Павел вгляделся. В полумраке разглядеть было трудновато, однако он прочел:
– Москва… Ого! И чем же я насолил столичным бандюгам?
– Поехали. Переговоришь с шефом, и все поймешь.
– Ищи дурака. Пусть шеф сам ко мне приходит, куда я укажу. Один и без оружия. Усек, милый? А разговорить тебя, у меня есть отличное средство, – Павел выставил на стол трансформатор. – Прицеплю один крокодильчик к губе, а второй немножко пониже, к еще более чувствительному месту, и запоешь ты мне арию мистера Икс. Даже если ни слова из нее не помнишь…
Парень попытался пожать плечами, бросил, с деланным равнодушием:
– Ты и так покойник, а все глубже и глубже себе яму роешь…
– Да мне плевать, где вы меня схороните, хоть в самом глубоком колодце, но я ведь не одного или двух с собой заберу, а гораздо больше, чем вы думаете… Так что, плевал я на ваши угрозы. Пуганый. Ладно, я сейчас сбегаю корешка своего приглашу, и мы вдвоем с тобой побеседуем. Если ты будешь умницей, то обойдемся без трансформатора…

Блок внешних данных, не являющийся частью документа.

lemma ex_longest_berge_path:
  assumes "finite F" "F \<noteq> {}" and edges: "\<forall>e\<in>F. finite e \<and> 2 \<le> card e"
  shows "\<exists>vs es. longest_berge_path F vs es \<and> es \<noteq> []"
proof -
  define Q where "Q n \<longleftrightarrow> (\<exists>vs es. berge_path F vs es \<and> length es = n)" for n
  obtain e0 where e0: "e0 \<in> F" using assms(2) by auto
  then obtain a b where "a \<in> e0" "b \<in> e0" "a \<noteq> b" using edges two_le_card_obtain by metis
  then have "berge_path F [a, b] [e0]" using e0 by (simp add: berge_path_def)
  then have Q1: "Q 1" unfolding Q_def by force
  have bounded: "\<forall>n. Q n \<longrightarrow> n \<le> card (\<Union> F)"
  proof (intro allI impI)
    fix n assume "Q n"
    then obtain vs es where P: "berge_path F vs es" "length es = n" by (auto simp: Q_def)
    show "n \<le> card (\<Union> F)"
    proof (cases "es = []")
      case False
      have "length vs = card (set vs)" using P(1) by (simp add: berge_path_def distinct_card)
      also have "\<dots> \<le> card (\<Union> F)"
        using berge_path_vertices_covered[OF P(1) False] assms(1) edges by (simp add: card_mono)
      finally show ?thesis using berge_path_length[OF P(1)] P(2) by simp
    qed (use P in simp)
  qed
  obtain n where n: "Q n" "\<forall>m. Q m \<longrightarrow> m \<le> n" using Nat.ex_has_greatest_nat[OF Q1 bounded] by blast
  then obtain vs es where P: "berge_path F vs es" "length es = n" by (auto simp: Q_def)
  have "length es' \<le> length es" if "berge_path F vs' es'" for vs' es'
    using n(2) that P(2) unfolding Q_def by blast
  moreover have "es \<noteq> []" using n(2) Q1 P(2) by force
  ultimately show ?thesis using P(1) unfolding longest_berge_path_def by blast
qed
text \<open>Change of variables: \<open>Li n\<close> stretches the \<open>n\<close>-th piece affinely onto \<open>I\<close>, with
  Jacobian \<open>slope n\<close>.\<close>
lemma nn_integral_compose_Linv_le:
  fixes F :: "nat \<Rightarrow> real \<Rightarrow> ennreal"
  assumes F: "\<And>n. n \<in> {1..N} \<Longrightarrow> F n \<in> borel_measurable M"
  shows "(\<integral>\<^sup>+y. F (pidx y) (Li (pidx y) y) \<partial>M)
     \<le> (\<Sum>n\<in>{1..N}. ennreal (1 / slope n) * (\<integral>\<^sup>+t. F n t \<partial>M))"
proof -
  define G where "G n t = (if t \<in> I then F n t else 0)" for n t
  have G: "G n \<in> borel_measurable lebesgue" if n: "n \<in> {1..N}" for n
    using F[OF n] unfolding G_def by (subst (asm) measurable_restrict_space_iff) auto
  have "(\<integral>\<^sup>+y. F (pidx y) (Li (pidx y) y) \<partial>M) \<le> (\<integral>\<^sup>+y. (\<Sum>n\<in>{1..N}. G n (Li n y)) \<partial>M)"
  proof (rule nn_integral_mono)
    fix y assume "y \<in> space M"
    then have y: "y \<in> I" by simp
    have "F (pidx y) (Li (pidx y) y) = G (pidx y) (Li (pidx y) y)"
      using Linv_part_index_mem[OF y] by (simp add: G_def)
    also have "\<dots> \<le> (\<Sum>n\<in>{1..N}. G n (Li n y))"
      by (rule member_le_sum) (use part_index[OF y] in auto)
    finally show "F (pidx y) (Li (pidx y) y) \<le> (\<Sum>n\<in>{1..N}. G n (Li n y))" .
  qed
  also have "\<dots> = (\<integral>\<^sup>+y. (\<Sum>n\<in>{1..N}. G n (Li n y)) * indicator I y \<partial>lebesgue)"
    by (rule nn_integral_restrict_space) simp
  also have "\<dots> \<le> (\<integral>\<^sup>+y. (\<Sum>n\<in>{1..N}. G n (Li n y)) \<partial>lebesgue)"
    by (rule nn_integral_mono) (simp add: indicator_def)
  also have "\<dots> = (\<Sum>n\<in>{1..N}. (\<integral>\<^sup>+y. G n (Li n y) \<partial>lebesgue))"
    by (rule nn_integral_sum) (rule measurable_compose[OF Linv_measurable G])
  also have "\<dots> = (\<Sum>n\<in>{1..N}. ennreal (1 / slope n) * (\<integral>\<^sup>+t. F n t \<partial>M))"
  proof (rule sum.cong)
    fix n assume n: "n \<in> {1..N}"
    have "(\<integral>\<^sup>+t. G n t \<partial>lebesgue) = ennreal (slope n) * (\<integral>\<^sup>+y. G n (Li n y) \<partial>lebesgue)"
      using nn_integral_real_affine_lebesgue[OF G[OF n], of "slope n" "x 0 - x (n - 1) * slope n"]
        slope_pos[OF n]
      by (simp add: Linv_eq)
    then have "(\<integral>\<^sup>+y. G n (Li n y) \<partial>lebesgue) = ennreal (1 / slope n) * (\<integral>\<^sup>+t. G n t \<partial>lebesgue)"
      using slope_pos[OF n] by (simp add: ennreal_mult[symmetric] mult.assoc[symmetric])
    also have "(\<integral>\<^sup>+t. G n t \<partial>lebesgue) = (\<integral>\<^sup>+t. F n t \<partial>M)"
      by (subst nn_integral_restrict_space) (auto simp: G_def indicator_def intro!: nn_integral_cong)
    finally show "(\<integral>\<^sup>+y. G n (Li n y) \<partial>lebesgue) = ennreal (1 / slope n) * (\<integral>\<^sup>+t. F n t \<partial>M)" .
  qed simp
  finally show ?thesis .
qed

lemma nn_integral_compose_Linv_le_bound:
  fixes F :: "nat \<Rightarrow> real \<Rightarrow> ennreal"
  assumes F: "\<And>n. n \<in> {1..N} \<Longrightarrow> F n \<in> borel_measurable M"
    and B: "\<And>n. n \<in> {1..N} \<Longrightarrow> (\<integral>\<^sup>+t. F n t \<partial>M) \<le> B"
  shows "(\<integral>\<^sup>+y. F (pidx y) (Li (pidx y) y) \<partial>M) \<le> B"
proof -
  have "(\<integral>\<^sup>+y. F (pidx y) (Li (pidx y) y) \<partial>M)
      \<le> (\<Sum>n\<in>{1..N}. ennreal (1 / slope n) * (\<integral>\<^sup>+t. F n t \<partial>M))"
    by (rule nn_integral_compose_Linv_le[OF F])
  also have "\<dots> \<le> (\<Sum>n\<in>{1..N}. ennreal (1 / slope n) * B)"
    by (intro sum_mono mult_left_mono B) auto
  also have "\<dots> = ennreal (\<Sum>n\<in>{1..N}. 1 / slope n) * B"
    using slope_pos by (subst sum_distrib_right[symmetric], subst sum_ennreal) (auto simp: less_imp_le)
  also have "\<dots> = B" by (simp only: sum_inverse_slope) simp
  finally show ?thesis .
qed

lemma AE_compose_Linv:
  assumes "AE t in M. Q t"
  shows "AE y in M. Q (Li (pidx y) y)"
proof -
  from assms obtain Z where Z: "{t \<in> space M. \<not> Q t} \<subseteq> Z" and Z_null: "emeasure M Z = 0"
    and Z_sets: "Z \<in> sets M"
    by (rule AE_E)
  have ind: "(indicator Z :: real \<Rightarrow> ennreal) \<in> borel_measurable M"
    by (rule borel_measurable_indicator[OF Z_sets])
  have "(\<integral>\<^sup>+y. indicator Z (Li (pidx y) y) \<partial>M) \<le> 0"
    using nn_integral_compose_Linv_le_bound[of "\<lambda>_. indicator Z" 0] ind Z_null Z_sets by simp
  moreover have "(\<lambda>y. indicator Z (Li (pidx y) y) :: ennreal) \<in> borel_measurable M"
    using measurable_compose_Linv[of "\<lambda>_. indicator Z"] ind by simp
  ultimately have "AE y in M. indicator Z (Li (pidx y) y) = (0::ennreal)"
    by (simp add: nn_integral_0_iff_AE)
  then show ?thesis
  proof (rule AE_mp[OF _ AE_I2], intro impI)
    fix y assume "y \<in> space M" and "indicator Z (Li (pidx y) y) = (0::ennreal)"
    then show "Q (Li (pidx y) y)" using Z Linv_part_index_mem[of y] by (auto simp: indicator_def)
  qed
qed

end

section \<open>The operator \<open>A\<close> and its Neumann series\<close>

locale fractal_operator = ordered_partition x N
  for x :: "nat \<Rightarrow> real" and N :: nat +
  fixes \<alpha> :: "nat \<Rightarrow> real \<Rightarrow> real" and p \<Lambda> :: real
  assumes \<alpha>_measurable: "\<forall>n\<in>{1..N}. \<alpha> n \<in> borel_measurable (lebesgue_on {x 0..x N})"
    and \<alpha>_bound: "AE t in lebesgue_on {x 0..x N}. \<forall>n\<in>{1..N}. \<bar>\<alpha> n t\<bar> \<le> \<Lambda>"
    and \<Lambda>_nonneg: "0 \<le> \<Lambda>" and \<Lambda>_less_1: "\<Lambda> < 1" and p_ge_1: "1 \<le> p"
begin

definition Aop :: "(real \<Rightarrow> real) \<Rightarrow> real \<Rightarrow> real" where
  "Aop u y = (if y \<in> I then \<alpha> (pidx y) (Li (pidx y) y) * u (Li (pidx y) y) else 0)"

lemma Aop_add: "Aop (\<lambda>t. u t + v t) y = Aop u y + Aop v y"
  by (simp add: Aop_def algebra_simps)

lemma Aop_mult: "Aop (\<lambda>t. a * u t) y = a * Aop u y"
  by (simp add: Aop_def algebra_simps)

lemma Aop_diff: "Aop (\<lambda>t. u t - v t) y = Aop u y - Aop v y"
  by (simp add: Aop_def algebra_simps)

lemma Aop_measurable:
  assumes u: "u \<in> borel_measurable M"
  shows "Aop u \<in> borel_measurable M"
proof -
  have "(\<lambda>y. (\<lambda>n t. \<alpha> n t * u t) (pidx y) (Li (pidx y) y)) \<in> borel_measurable M"
    by (rule measurable_compose_Linv) (use \<alpha>_measurable u in \<open>auto intro!: borel_measurable_times\<close>)
  then show ?thesis
    by (rule measurable_cong[THEN iffD1, rotated]) (simp add: Aop_def)
qed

Павел чуть не на четвереньках подкрался к двери. От улицы его заслонял довольно высокий парапет перед дверями. Похоже, подстраховки снаружи не было. Он вывалился за дверь, не разгибаясь, запер ее, пробежал по галерее, прикрываясь парапетом, перемахнул через парапет и юркнул за угол здания бассейна. Теперь его с одной стороны прикрывали кусты, а с другой глухая стена. Добежав до школьной вахты, он только и узнал, что телефон все еще не работает. Тогда он помчался в глубь микрорайона, где, как он помнил, висел на углу дома исправный телефон-автомат. Слава Богу! Телефон висел, и даже работал. И Димыч ответил почти сразу.
Павел заорал в трубку:
– Димыч! Приезжай быстрее, я языков взял! В бассейне!
Повесив трубку, помчался назад. Но опоздал. У бойцов, похоже, была подстраховка; дверь, с вывернутым замком, стояла нараспашку, в слесарке никого, естественно, не было.

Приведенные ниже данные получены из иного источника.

text \<open>With \<open>H = A P = P A P\<close>: an eigenvector of \<open>H\<close> for a nonzero eigenvalue lies in the range
  of \<open>P\<close>; if there is none, then \<open>H = 0\<close> and the range of \<open>P\<close> lies in the kernel of \<open>A\<close>.\<close>
lemma commuting_projection_eigenvector:
  fixes A P :: "complex mat"
  assumes A: "A \<in> carrier_mat n n" "mat_adjoint A = A"
    and P: "P \<in> carrier_mat n n" "mat_adjoint P = P" "P * P = P" "P * A = A * P" "P \<noteq> 0\<^sub>m n n"
  shows "\<exists>y \<mu>. y \<in> carrier_vec n \<and> y \<noteq> 0\<^sub>v n \<and> P *\<^sub>v y = y \<and> A *\<^sub>v y = \<mu> \<cdot>\<^sub>v y"
proof -
  define H where "H = A * P"
  have H: "H \<in> carrier_mat n n" unfolding H_def using A P by simp
  have "mat_adjoint H = P * A"
    unfolding H_def using A P by (simp add: mat_adjoint_mult[of A n n P n])
  then have H_herm: "mat_adjoint H = H" unfolding H_def using P by simp
  have PH: "P * H = H"
  proof -
    have "P * H = (P * A) * P" unfolding H_def using A P(1) by simp
    also have "\<dots> = (A * P) * P" by (simp only: P(4))
    also have "\<dots> = H" unfolding H_def using A P by simp
    finally show ?thesis .
  qed
  have AH: "A *\<^sub>v y = H *\<^sub>v y" if "y \<in> carrier_vec n" "P *\<^sub>v y = y" for y
    unfolding H_def using A P that by (metis assoc_mult_mat_vec)
  show ?thesis
  proof (cases "H = 0\<^sub>m n n")
    case True
    obtain y where y: "y \<in> carrier_vec n" "y \<noteq> 0\<^sub>v n" "P *\<^sub>v y = y"
      using idempotent_mat_fixed_vector[OF P(1,3,5)] by blast
    then have "A *\<^sub>v y = 0 \<cdot>\<^sub>v y" using AH True by auto
    with y show ?thesis by blast
  next
    case False
    then obtain \<mu> where "eigenvalue H \<mu>" "\<mu> \<noteq> 0"
      using hermitian_eq_0_if_eigenvalues_0[OF H H_herm] by blast
    then obtain y where y: "y \<in> carrier_vec n" "y \<noteq> 0\<^sub>v n" "H *\<^sub>v y = \<mu> \<cdot>\<^sub>v y"
      unfolding eigenvalue_def eigenvector_def using H by auto
    have "\<mu> \<cdot>\<^sub>v (P *\<^sub>v y) = \<mu> \<cdot>\<^sub>v y"
      using y P H PH by (metis assoc_mult_mat_vec mult_mat_vec)
    then have "(1 / \<mu>) \<cdot>\<^sub>v (\<mu> \<cdot>\<^sub>v (P *\<^sub>v y)) = (1 / \<mu>) \<cdot>\<^sub>v (\<mu> \<cdot>\<^sub>v y)" by simp
    then have "P *\<^sub>v y = y" using \<open>\<mu> \<noteq> 0\<close> by (simp add: smult_smult_assoc)
    then show ?thesis using y AH by metis
  qed
qed

lemma eigenvector_orthogonal_to_invariant_isometry:
  fixes A U L :: "complex mat"
  assumes A: "A \<in> carrier_mat n n" "mat_adjoint A = A"
    and U: "U \<in> carrier_mat n k" "mat_adjoint U * U = 1\<^sub>m k" and "k < n"
    and L: "L \<in> carrier_mat k k" "mat_adjoint L = L" and AU: "A * U = U * L"
  shows "\<exists>y \<mu>. y \<in> carrier_vec n \<and> y \<noteq> 0\<^sub>v n \<and> mat_adjoint U *\<^sub>v y = 0\<^sub>v k \<and> A *\<^sub>v y = \<mu> \<cdot>\<^sub>v y"
proof -
  define P where "P = 1\<^sub>m n - U * mat_adjoint U"
  note P = isometry_complement_projection[OF U, folded P_def]
  have U': "mat_adjoint U \<in> carrier_mat k n" using U by auto
  have U'A: "mat_adjoint U * A = L * mat_adjoint U"
    using mat_adjoint_mult[OF A(1) U(1)] mat_adjoint_mult[OF U(1) L(1)] A L AU by simp
  have "U * mat_adjoint U * A = U * (L * mat_adjoint U)"
    using A(1) U(1) U' by (simp add: U'A)
  also have "\<dots> = (A * U) * mat_adjoint U"
    using U(1) U' L(1) by (simp add: AU)
  also have "\<dots> = A * (U * mat_adjoint U)"
    using A(1) U(1) U' by simp
  finally have "P * A = A * P"
    unfolding P_def using A(1) mult_carrier_mat[OF U(1) U']
    by (simp add: minus_mult_distrib_mat[OF one_carrier_mat]
      mult_minus_distrib_mat[OF A(1) one_carrier_mat])
  moreover have "P \<noteq> 0\<^sub>m n n"
    using P(5) \<open>k < n\<close> by (auto simp: mtrace_def)
  ultimately obtain y \<mu> where y: "y \<in> carrier_vec n" "y \<noteq> 0\<^sub>v n" "P *\<^sub>v y = y" "A *\<^sub>v y = \<mu> \<cdot>\<^sub>v y"
    using commuting_projection_eigenvector[OF A P(1,2,4)] by blast
  have "mat_adjoint U *\<^sub>v y = (mat_adjoint U * P) *\<^sub>v y"
    using U' P(1) y by (metis assoc_mult_mat_vec)
  then have "mat_adjoint U *\<^sub>v y = 0\<^sub>v k" using P(3) y by auto
  with y show ?thesis by blast
qed

definition mat_of_col_fun :: "nat \<Rightarrow> nat \<Rightarrow> (nat \<Rightarrow> complex vec) \<Rightarrow> complex mat" where
  "mat_of_col_fun n k u = mat n k (\<lambda>(i, j). u j $ i)"

definition orthonormal_vecs :: "nat \<Rightarrow> nat \<Rightarrow> (nat \<Rightarrow> complex vec) \<Rightarrow> bool" where
  "orthonormal_vecs n k u \<longleftrightarrow>
     (\<forall>i<k. u i \<in> carrier_vec n) \<and> (\<forall>i<k. \<forall>j<k. u j \<bullet>c u i = (if i = j then 1 else 0))"

lemma mat_of_col_fun_carrier [simp]: "mat_of_col_fun n k u \<in> carrier_mat n k"
  and dim_row_mat_of_col_fun [simp]: "dim_row (mat_of_col_fun n k u) = n"
  and dim_col_mat_of_col_fun [simp]: "dim_col (mat_of_col_fun n k u) = k"
  unfolding mat_of_col_fun_def by auto

lemma orthonormal_vecs_isometry:
  assumes "orthonormal_vecs n k u"
  shows "mat_adjoint (mat_of_col_fun n k u) * mat_of_col_fun n k u = 1\<^sub>m k"
proof (rule eq_matI)
  fix i j assume ij: "i < dim_row (1\<^sub>m k :: complex mat)" "j < dim_col (1\<^sub>m k :: complex mat)"
  have uc: "\<forall>i<k. u i \<in> carrier_vec n" using assms unfolding orthonormal_vecs_def by simp
  have "(mat_adjoint (mat_of_col_fun n k u) * mat_of_col_fun n k u) $$ (i, j) =
      (\<Sum>r<n. u j $ r * cnj (u i $ r))"
    using ij unfolding mat_of_col_fun_def
    by (auto simp: scalar_prod_def atLeast0LessThan mult.commute)
  also have "\<dots> = u j \<bullet>c u i" using uc ij cscalar_prod_eq_sum[of "u i" n "u j"] by simp
  finally show
    "(mat_adjoint (mat_of_col_fun n k u) * mat_of_col_fun n k u) $$ (i, j) = 1\<^sub>m k $$ (i, j)"
    using assms ij unfolding orthonormal_vecs_def by simp
qed auto

lemma mult_mat_of_col_fun_eigenvectors:
  assumes A: "A \<in> carrier_mat n n" and u: "\<forall>i<k. u i \<in> carrier_vec n"
    and eig: "\<forall>i<k. A *\<^sub>v u i = complex_of_real (l i) \<cdot>\<^sub>v u i"
  shows "A * mat_of_col_fun n k u = mat_of_col_fun n k u * diag_of k (\<lambda>i. complex_of_real (l i))"
proof (rule eq_matI)
  fix r j assume "r < dim_row (mat_of_col_fun n k u * diag_of k (\<lambda>i. complex_of_real (l i)))"
    "j < dim_col (mat_of_col_fun n k u * diag_of k (\<lambda>i. complex_of_real (l i)))"
  then have r: "r < n" and j: "j < k" by (auto simp: mat_of_col_fun_def diag_of_def)
  have "col (mat_of_col_fun n k u) j = u j"
    using u j unfolding mat_of_col_fun_def by (auto intro!: eq_vecI)
  then have "(A * mat_of_col_fun n k u) $$ (r, j) = (A *\<^sub>v u j) $ r" using A r j by simp
  also have "\<dots> = u j $ r * complex_of_real (l j)"
    using eig u r j by (metis carrier_vecD index_smult_vec(1) mult.commute)
  also have "\<dots> = (mat_of_col_fun n k u * diag_of k (\<lambda>i. complex_of_real (l i))) $$ (r, j)"
    unfolding index_mult_diag_of[OF mat_of_col_fun_carrier r j] using r j
    by (simp add: mat_of_col_fun_def)
  finally show "(A * mat_of_col_fun n k u) $$ (r, j) =
      (mat_of_col_fun n k u * diag_of k (\<lambda>i. complex_of_real (l i))) $$ (r, j)" .
qed (use A in \<open>auto simp: diag_of_def\<close>)

lemma index_mat_adjoint_mat_of_col_fun_mult_vec:
  "\<forall>i<k. u i \<in> carrier_vec n \<Longrightarrow> y \<in> carrier_vec n \<Longrightarrow> i < k \<Longrightarrow>
   (mat_adjoint (mat_of_col_fun n k u) *\<^sub>v y) $ i = y \<bullet>c u i"
  unfolding mat_of_col_fun_def by (auto simp: scalar_prod_def mult.commute intro!: sum.cong)

lemma orthonormal_vecs_Suc:
  assumes "orthonormal_vecs n k u" "x \<in> carrier_vec n" "x \<bullet>c x = 1" "\<forall>i<k. x \<bullet>c u i = 0"
  shows "orthonormal_vecs n (Suc k) (u(k := x))"
proof -
  have "u i \<bullet>c x = 0" if "i < k" for i
    using assms that cscalar_prod_commute_cnj[of "u i" n x] unfolding orthonormal_vecs_def by simp
  with assms show ?thesis unfolding orthonormal_vecs_def by (auto simp: less_Suc_eq)
qed

lemma hermitian_eigenvalue_real:
  fixes A :: "complex mat"
  assumes A: "A \<in> carrier_mat n n" "mat_adjoint A = A"
    and y: "y \<in> carrier_vec n" "y \<noteq> 0\<^sub>v n" "A *\<^sub>v y = \<mu> \<cdot>\<^sub>v y"
  shows "\<mu> = complex_of_real (Re \<mu>)"
proof -
  have "\<mu> * (y \<bullet>c y) = (A *\<^sub>v y) \<bullet>c y" using y by simp
  also have "\<dots> = y \<bullet>c (A *\<^sub>v y)" using cscalar_prod_mult_mat_vec_adjoint[OF A(1) y(1) y(1)] A by simp
  also have "\<dots> = cnj \<mu> * (y \<bullet>c y)" using y by (simp add: conjugate_smult_vec)
  finally have "\<mu> = cnj \<mu>" using y by simp
  then show ?thesis by (simp add: complex_eq_iff)
qed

Павел, матерясь сквозь зубы, ремонтировал дверь, когда прибежала завхоз, закричала, выворачиваясь из-за угла:
– Кто это у тебя тут двери ломает?!
– А я почем знаю? – пробурчал Павел.
– Наверное, дружки, ханыги и пьяницы?
Павел уставился на нее, проговорил медленно:
– Вы что, не знаете, что я не пью? И потом, у меня имеется свой круг знакомых, в который ханыги и пьяницы не входят.
Она сбавила тон, спросила, уже спокойнее:
– Что за люди тут дверь сломали средь бела дня?
– Ну откуда ж я знаю? Если бы они попросили, я бы им ключом открыл, но меня не было здесь.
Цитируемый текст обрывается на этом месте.